# GIVEN ENTRIES
(* Let $C_3=\{000,111\}$ and let $$C_7=\{\bm{x}\,\|\,(\pi(\bm{x})+1)\,\|\,(\bm{x}+\bm{c}) : \bm{x}\in\mathbb{B}_3,\ \bm{c}\in C_3\}\subseteq \mathbb{B}_7 .$$ Then $C_7$ is a perfect code in the graph $\Gamma_7(1^5)$.
   Context: $\mathbb{B}_k$ is the set of binary strings of length $k$, identified with vectors of $\mathbb{Z}_2^k$; $\bm{x}+\bm{c}$ is the coordinatewise sum modulo 2, $\pi(x_1\dots x_k)=x_1+\dots+x_k \pmod 2$ is the parity, and $\|$ denotes concatenation (the middle term is a single bit). The $n$-cube $Q_n$ has vertex set $\mathbb{B}_n$, two strings adjacent if they differ in exactly one position. $\Gamma_n(1^s)$ is the subgraph of $Q_n$ induced by strings not containing $1^s$ (the string of $s$ consecutive 1's) as a substring (i.e. as a block of consecutive positions). A perfect code in a graph $G$ is a set $C$ of vertices such that every vertex of $G$ lies in the closed neighbourhood $N[c]=\{v: d_G(c,v)\le 1\}$ of exactly one $c\in C$. *)

theory Defs
  imports Main "HOL-Library.Sublist"
begin

text \<open>Binary strings are bool lists (True = 1, False = 0).\<close>

definition binstrings :: "nat \<Rightarrow> bool list set" where
  "binstrings k = {x. length x = k}"

definition vadd :: "bool list \<Rightarrow> bool list \<Rightarrow> bool list" where
  "vadd x c = map2 (\<noteq>) x c"

definition parity :: "bool list \<Rightarrow> bool" where
  "parity x = odd (length (filter id x))"

definition cube_adj :: "bool list \<Rightarrow> bool list \<Rightarrow> bool" where
  "cube_adj x y \<longleftrightarrow> length x = length y \<and> card {i. i < length x \<and> x ! i \<noteq> y ! i} = 1"

text \<open>Vertex set of Gamma_n(1^s): strings of length n not containing 1^s as a factor.
  The induced subgraph has adjacency cube_adj restricted to this set.\<close>
definition Gamma_verts :: "nat \<Rightarrow> nat \<Rightarrow> bool list set" where
  "Gamma_verts n s = {x \<in> binstrings n. \<not> sublist (replicate s True) x}"

definition closed_nbhd :: "'a set \<Rightarrow> ('a \<Rightarrow> 'a \<Rightarrow> bool) \<Rightarrow> 'a \<Rightarrow> 'a set" where
  "closed_nbhd V adj c = {v \<in> V. v = c \<or> adj c v}"

definition perfect_code :: "'a set \<Rightarrow> ('a \<Rightarrow> 'a \<Rightarrow> bool) \<Rightarrow> 'a set \<Rightarrow> bool" where
  "perfect_code V adj C \<longleftrightarrow> C \<subseteq> V \<and> (\<forall>v\<in>V. \<exists>!c. c \<in> C \<and> v \<in> closed_nbhd V adj c)"

definition C3 :: "bool list set" where
  "C3 = {[False, False, False], [True, True, True]}"

definition C7 :: "bool list set" where
  "C7 = {x @ [\<not> parity x] @ vadd x c | x c. x \<in> binstrings 3 \<and> c \<in> C3}"

end

theory Submission
  imports Defs
begin

text \<open>The statement is a finite check: \<open>C7\<close> has 16 words and \<open>\<Gamma>\<^sub>7(1\<^sup>5)\<close> has 120
  vertices.\<close>

lemma binstrings_eq_set_n_lists: "binstrings n = set (List.n_lists n [False, True])"
  by (auto simp: binstrings_def set_n_lists)

lemma Gamma_verts_eq_set_filter:
  "Gamma_verts n s = set (filter (\<lambda>x. \<not> sublist (replicate s True) x) (List.n_lists n [False, True]))"
  by (auto simp: Gamma_verts_def binstrings_eq_set_n_lists)

definition hamming_dist :: "'a list \<Rightarrow> 'a list \<Rightarrow> nat" where
  "hamming_dist x y = length (filter id (map2 (\<noteq>) x y))"

lemma hamming_dist_eq_card:
  assumes "length x = length y"
  shows "hamming_dist x y = card {i. i < length x \<and> x ! i \<noteq> y ! i}"
  using assms unfolding hamming_dist_def
  by (auto simp: length_filter_conv_card intro!: arg_cong[where f = card])

lemma cube_adj_iff_hamming_dist:
  "cube_adj x y \<longleftrightarrow> length x = length y \<and> hamming_dist x y = 1"
  by (auto simp: cube_adj_def hamming_dist_eq_card)

lemma ex1_mem_iff_length_filter_eq_1:
  assumes "distinct xs"
  shows "(\<exists>!x. x \<in> set xs \<and> P x) \<longleftrightarrow> length (filter P xs) = 1"
proof -
  have "length (filter P xs) = card {x \<in> set xs. P x}"
    using assms by (metis distinct_card distinct_filter set_filter)
  then show ?thesis by (auto simp: card_1_singleton_iff set_eq_iff; metis)
qed

lemma perfect_code_set_iff:
  assumes "distinct cs"
  shows "perfect_code (set vs) adj (set cs) \<longleftrightarrow>
    set cs \<subseteq> set vs \<and> (\<forall>v \<in> set vs. length (filter (\<lambda>c. v = c \<or> adj c v) cs) = 1)"
  by (simp add: perfect_code_def closed_nbhd_def ex1_mem_iff_length_filter_eq_1[OF assms]
      cong: conj_cong)

definition Gamma7_list :: "bool list list" where
  "Gamma7_list = filter (\<lambda>x. \<not> sublist (replicate 5 True) x) (List.n_lists 7 [False, True])"

definition C7_list :: "bool list list" where
  "C7_list = map (\<lambda>(x, c). x @ [\<not> parity x] @ vadd x c)
     (List.product (List.n_lists 3 [False, True]) [[False, False, False], [True, True, True]])"

lemma C7_eq_set_C7_list: "C7 = set C7_list"
  by (auto simp: C7_def C7_list_def C3_def binstrings_eq_set_n_lists)

lemma distinct_C7_list: "distinct C7_list"
  by code_simp

lemma C7_list_subset_Gamma7_list: "set C7_list \<subseteq> set Gamma7_list"
  by code_simp

lemma Gamma7_list_covered_once:
  "\<forall>v \<in> set Gamma7_list.
     length (filter (\<lambda>c. v = c \<or> length c = length v \<and> hamming_dist c v = 1) C7_list) = 1"
  by code_simp

theorem mainTheorem4:
  shows "perfect_code (Gamma_verts 7 5) cube_adj C7"
  using C7_list_subset_Gamma7_list Gamma7_list_covered_once
  unfolding Gamma_verts_eq_set_filter C7_eq_set_C7_list perfect_code_set_iff[OF distinct_C7_list]
    cube_adj_iff_hamming_dist Gamma7_list_def[symmetric]
  by simp

end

# DESCRIPTION OF THE TASK
Everything in the listing is to be restated exactly.

# YOUR SOLUTION
(* Let $C_3=\{000,111\}$ and let $$C_7=\{\bm{x}\,\|\,(\pi(\bm{x})+1)\,\|\,(\bm{x}+\bm{c}) : \bm{x}\in\mathbb{B}_3,\ \bm{c}\in C_3\}\subseteq \mathbb{B}_7 .$$ Then $C_7$ is a perfect code in the graph $\Gamma_7(1^5)$.
   Context: $\mathbb{B}_k$ is the set of binary strings of length $k$, identified with vectors of $\mathbb{Z}_2^k$; $\bm{x}+\bm{c}$ is the coordinatewise sum modulo 2, $\pi(x_1\dots x_k)=x_1+\dots+x_k \pmod 2$ is the parity, and $\|$ denotes concatenation (the middle term is a single bit). The $n$-cube $Q_n$ has vertex set $\mathbb{B}_n$, two strings adjacent if they differ in exactly one position. $\Gamma_n(1^s)$ is the subgraph of $Q_n$ induced by strings not containing $1^s$ (the string of $s$ consecutive 1's) as a substring (i.e. as a block of consecutive positions). A perfect code in a graph $G$ is a set $C$ of vertices such that every vertex of $G$ lies in the closed neighbourhood $N[c]=\{v: d_G(c,v)\le 1\}$ of exactly one $c\in C$. *)

theory Defs
  imports Main "HOL-Library.Sublist"
begin

text \<open>Binary strings are bool lists (True = 1, False = 0).\<close>

definition binstrings :: "nat \<Rightarrow> bool list set" where
  "binstrings k = {x. length x = k}"

definition vadd :: "bool list \<Rightarrow> bool list \<Rightarrow> bool list" where
  "vadd x c = map2 (\<noteq>) x c"

definition parity :: "bool list \<Rightarrow> bool" where
  "parity x = odd (length (filter id x))"

definition cube_adj :: "bool list \<Rightarrow> bool list \<Rightarrow> bool" where
  "cube_adj x y \<longleftrightarrow> length x = length y \<and> card {i. i < length x \<and> x ! i \<noteq> y ! i} = 1"

text \<open>Vertex set of Gamma_n(1^s): strings of length n not containing 1^s as a factor.
  The induced subgraph has adjacency cube_adj restricted to this set.\<close>
definition Gamma_verts :: "nat \<Rightarrow> nat \<Rightarrow> bool list set" where
  "Gamma_verts n s = {x \<in> binstrings n. \<not> sublist (replicate s True) x}"

definition closed_nbhd :: "'a set \<Rightarrow> ('a \<Rightarrow> 'a \<Rightarrow> bool) \<Rightarrow> 'a \<Rightarrow> 'a set" where
  "closed_nbhd V adj c = {v \<in> V. v = c \<or> adj c v}"

definition perfect_code :: "'a set \<Rightarrow> ('a \<Rightarrow> 'a \<Rightarrow> bool) \<Rightarrow> 'a set \<Rightarrow> bool" where
  "perfect_code V adj C \<longleftrightarrow> C \<subseteq> V \<and> (\<forall>v\<in>V. \<exists>!c. c \<in> C \<and> v \<in> closed_nbhd V adj c)"

definition C3 :: "bool list set" where
  "C3 = {[False, False, False], [True, True, True]}"

definition C7 :: "bool list set" where
  "C7 = {x @ [\<not> parity x] @ vadd x c | x c. x \<in> binstrings 3 \<and> c \<in> C3}"

end

theory Submission
  imports Defs
begin

text \<open>The statement is a finite check: \<open>C7\<close> has 16 words and \<open>\<Gamma>\<^sub>7(1\<^sup>5)\<close> has 120
  vertices.\<close>

lemma binstrings_eq_set_n_lists: "binstrings n = set (List.n_lists n [False, True])"
  by (auto simp: binstrings_def set_n_lists)

lemma Gamma_verts_eq_set_filter:
  "Gamma_verts n s = set (filter (\<lambda>x. \<not> sublist (replicate s True) x) (List.n_lists n [False, True]))"
  by (auto simp: Gamma_verts_def binstrings_eq_set_n_lists)

definition hamming_dist :: "'a list \<Rightarrow> 'a list \<Rightarrow> nat" where
  "hamming_dist x y = length (filter id (map2 (\<noteq>) x y))"

lemma hamming_dist_eq_card:
  assumes "length x = length y"
  shows "hamming_dist x y = card {i. i < length x \<and> x ! i \<noteq> y ! i}"
  using assms unfolding hamming_dist_def
  by (auto simp: length_filter_conv_card intro!: arg_cong[where f = card])

lemma cube_adj_iff_hamming_dist:
  "cube_adj x y \<longleftrightarrow> length x = length y \<and> hamming_dist x y = 1"
  by (auto simp: cube_adj_def hamming_dist_eq_card)

lemma ex1_mem_iff_length_filter_eq_1:
  assumes "distinct xs"
  shows "(\<exists>!x. x \<in> set xs \<and> P x) \<longleftrightarrow> length (filter P xs) = 1"
proof -
  have "length (filter P xs) = card {x \<in> set xs. P x}"
    using assms by (metis distinct_card distinct_filter set_filter)
  then show ?thesis by (auto simp: card_1_singleton_iff set_eq_iff; metis)
qed

lemma perfect_code_set_iff:
  assumes "distinct cs"
  shows "perfect_code (set vs) adj (set cs) \<longleftrightarrow>
    set cs \<subseteq> set vs \<and> (\<forall>v \<in> set vs. length (filter (\<lambda>c. v = c \<or> adj c v) cs) = 1)"
  by (simp add: perfect_code_def closed_nbhd_def ex1_mem_iff_length_filter_eq_1[OF assms]
      cong: conj_cong)

definition Gamma7_list :: "bool list list" where
  "Gamma7_list = filter (\<lambda>x. \<not> sublist (replicate 5 True) x) (List.n_lists 7 [False, True])"

definition C7_list :: "bool list list" where
  "C7_list = map (\<lambda>(x, c). x @ [\<not> parity x] @ vadd x c)
     (List.product (List.n_lists 3 [False, True]) [[False, False, False], [True, True, True]])"

lemma C7_eq_set_C7_list: "C7 = set C7_list"
  by (auto simp: C7_def C7_list_def C3_def binstrings_eq_set_n_lists)

lemma distinct_C7_list: "distinct C7_list"
  by code_simp

lemma C7_list_subset_Gamma7_list: "set C7_list \<subseteq> set Gamma7_list"
  by code_simp

lemma Gamma7_list_covered_once:
  "\<forall>v \<in> set Gamma7_list.
     length (filter (\<lambda>c. v = c \<or> length c = length v \<and> hamming_dist c v = 1) C7_list) = 1"
  by code_simp

theorem mainTheorem4:
  shows "perfect_code (Gamma_verts 7 5) cube_adj C7"
  using C7_list_subset_Gamma7_list Gamma7_list_covered_once
  unfolding Gamma_verts_eq_set_filter C7_eq_set_C7_list perfect_code_set_iff[OF distinct_C7_list]
    cube_adj_iff_hamming_dist Gamma7_list_def[symmetric]
  by simp

end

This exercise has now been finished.